Transforming growth factor alpha binds to Trypanosoma cruzi amastigotes to induce signaling and cellular proliferation

Abstract

Macrophages secrete transforming growth factor alpha (TGF-alpha) to trigger proliferation of cancer cells. Here, we report a new role for TGF-alpha in modulating the direct cellular proliferation of a parasitic protozoan, Trypanosoma cruzi. Amastigotes present two classes of receptors for TGF-alpha with different binding affinities. (125)I-TGF-alpha binding was competed by an excess of cold epidermal growth factor and TGF-alpha but not by an irrelevant molecule. Upon binding of TGF-alpha to amastigotes, the ligand is internalized, inducing trypanosome tyrosine phosphorylation of 90- and 87-kDa proteins and increasing DNA synthesis and proliferation of amastigotes. Furthermore, exposure of macrophages to TGF-alpha induced increased amastigote proliferation. These results describe a novel mechanism used by amastigotes to regulate their proliferation mediated by a TGF-alpha-dependent signal transduction pathway.

FIG. 1.

¹²⁵I-TGF-α binds to amastigotes, and this binding is inhibited by cold excess TGF-α and EGF. (A) TGF-α binds to amastigotes. (Inset) Scatchard analysis of the binding data. B/F, bound/free (unbound) TGF-α. (B) Competition of ¹²⁵I-TGF-α binding by TGF-α, EGF, and bovine pituitary extract. The same concentration of amastigotes (5 × 10⁶ parasites ml⁻¹) were preincubated with different excess amounts (0- to 100-fold) of cold EGF and TGF-α followed by exposure to ¹²⁵I-TGF-α. Bars show means for triplicate samples of one representative experiment (± 1 standard deviation) selected from three independent experiments with similar results. *, significant difference compared to values for 0 and 1:1 cold/labeled ratios or to bovine pituitary extract values for 0 to 1:100 cold/labeled ratios (P < 0.05). The results are representative of three independent experiments.

FIG. 2.

TGF-α induces tyrosine phosphorylation of amastigote proteins. Amastigotes (5 × 10⁶ organisms) were incubated with TGF-α (2 ng/ml) for 5, 15, and 30 min at 4°C. Lysate samples (10 μg) were separated by sodium dodecyl sulfate-polyacrylamide gel electrophoresis, blotted onto nitrocellulose, probed with antiphosphotyrosine monoclonal antibody PY20, and developed by chemiluminescence. Control parasites did not receive any growth factor.
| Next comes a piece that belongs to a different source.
(* Let $A\in\mathbb{R}^{n\times n}$ be symmetric, let $1\le K<n$, let $\lambda>0$, and let $g\in\mathcal{G}$ with Lipschitz constant $\ell>0$ for $g'$. Set $\rho=3\lambda\ell$ and run the ADMM iteration described in the context from symmetric initial matrices $Y_0,\Lambda_0$. Let $(X^*,Y^*,\Lambda^* )$ be a limit point (the limit of some subsequence) of $\{(X_k,Y_k,\Lambda_k)\}_{k\ge 0}$, and suppose the symmetric matrix $W^*=2A+\rho Y^*-\Lambda^*$ has distinct $K$-th and $(K+1)$-th largest eigenvalues. Let $U^*\in\mathbb{R}^{n\times K}$ have orthonormal columns that are eigenvectors of $W^*$ associated with its $K$ largest eigenvalues. Then $X^*=Y^*=U^*{U^*}^T$, and the KKT conditions of problem $\min_{X\in\mathcal{P}_K}\|A-X\|_F^2+\lambda\sum_{i,j}g(X_{ij})$ hold at $X^*$: $$(2A-\lambda G^* )U^*=U^*\Lambda_d,\qquad {U^*}^TU^*=I_K,$$ for some diagonal matrix $\Lambda_d\in\mathbb{R}^{K\times K}$, where $G^*\in\mathbb{R}^{n\times n}$ is defined by $G^*_{ij}=g'(X^*_{ij})$.
   Context: $\mathcal{P}_K$ denotes the set of real symmetric $n\times n$ matrices $X$ with $X^2=X$ and $\mathrm{rank}(X)=K$ (rank-$K$ orthogonal projection matrices). $\mathcal{G}$ is the class of functions $g:\mathbb{R}\to\mathbb{R}$ that are continuously differentiable, nonnegative, convex, and whose derivative is Lipschitz: $|g'(x_1)-g'(x_2)|\le \ell|x_1-x_2|$ for all $x_1,x_2$. For matrices, $\langle M,N\rangle=\mathrm{trace}(M^TN)$ and $\|\cdot\|_F$ is the Frobenius norm. The augmented Lagrangian is $$\mathcal{L}_\rho(X,Y,\Lambda)=\|A-X\|_F^2+\lambda\sum_{i,j}g(Y_{ij})+\frac{\rho}{2}\|X-Y\|_F^2+\langle\Lambda,X-Y\rangle .$$ The ADMM iteration is: given $(Y_k,\Lambda_k)$, let $X_{k+1}\in\arg\min_{X\in\mathcal{P}_K}\mathcal{L}_\rho(X,Y_k,\Lambda_k)$, taken to be $\widehat U\widehat U^T$ where the columns of $\widehat U$ are orthonormal eigenvectors for the $K$ largest eigenvalues of $W_k=2A+\rho Y_k-\Lambda_k$; then $Y_{k+1}=\arg\min_{Y\in\mathbb{R}^{n\times n}}\mathcal{L}_\rho(X_{k+1},Y,\Lambda_k)$ (unique, by strong convexity); then $\Lambda_{k+1}=\Lambda_k+\rho(X_{k+1}-Y_{k+1})$. *)

theory Defs
  imports "HOL-Analysis.Analysis" "HOL-Library.Multiset"
begin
Blots were stripped, probed with anti-β-actin antibodies, and developed by chemiluminescence as a loading control. Results are from a representative experiment of three performed independently with similar results. Arrows point to enhanced protein tyrosine phosphorylation induced by TGF-α with respect to controls in the absence of growth factor treatment.

FIG. 3.

TGF-α stimulates DNA synthesis and proliferation of T. cruzi amastigotes in cell-free medium and within macrophages. (A) Incorporation of [³H]thymidine into amastigote DNA. Overnight-starved amastigotes (3 × 10⁶ organisms/ml) in RPMI with 1% BSA were incubated at 37°C with different concentrations of TGF-α and 1 μCi of [³H]thymidine. After 24 h, the organisms were harvested and the incorporation of [³H]thymidine was determined by measuring acid-insoluble radioactivity. (B) Amastigote proliferation in cell-free medium. Overnight-starved amastigotes (3 × 10⁶ organisms/ml) were incubated at 37°C in ML-15 medium alone (open bars) or in ML-15 medium containing 2 ng of TGF-α per ml (closed bars). The number of organisms was determined at 24-h intervals. (C) Amastigote proliferation within macrophages. Unelicited CBA/J mouse peritoneal macrophages were cultured with 2 ng of TGF-α per ml and trypomastigotes at a ratio of five parasites per macrophage. Parasite uptake was measured at 2 h and parasite multiplication was measured at 48 h as previously described (13). Bars represent the mean of triplicate samples of one representative experiment (± 1 standard deviation) selected from three independent experiments with similar results. *, significant difference compared to values at 0 and 2 h (P < 0.05).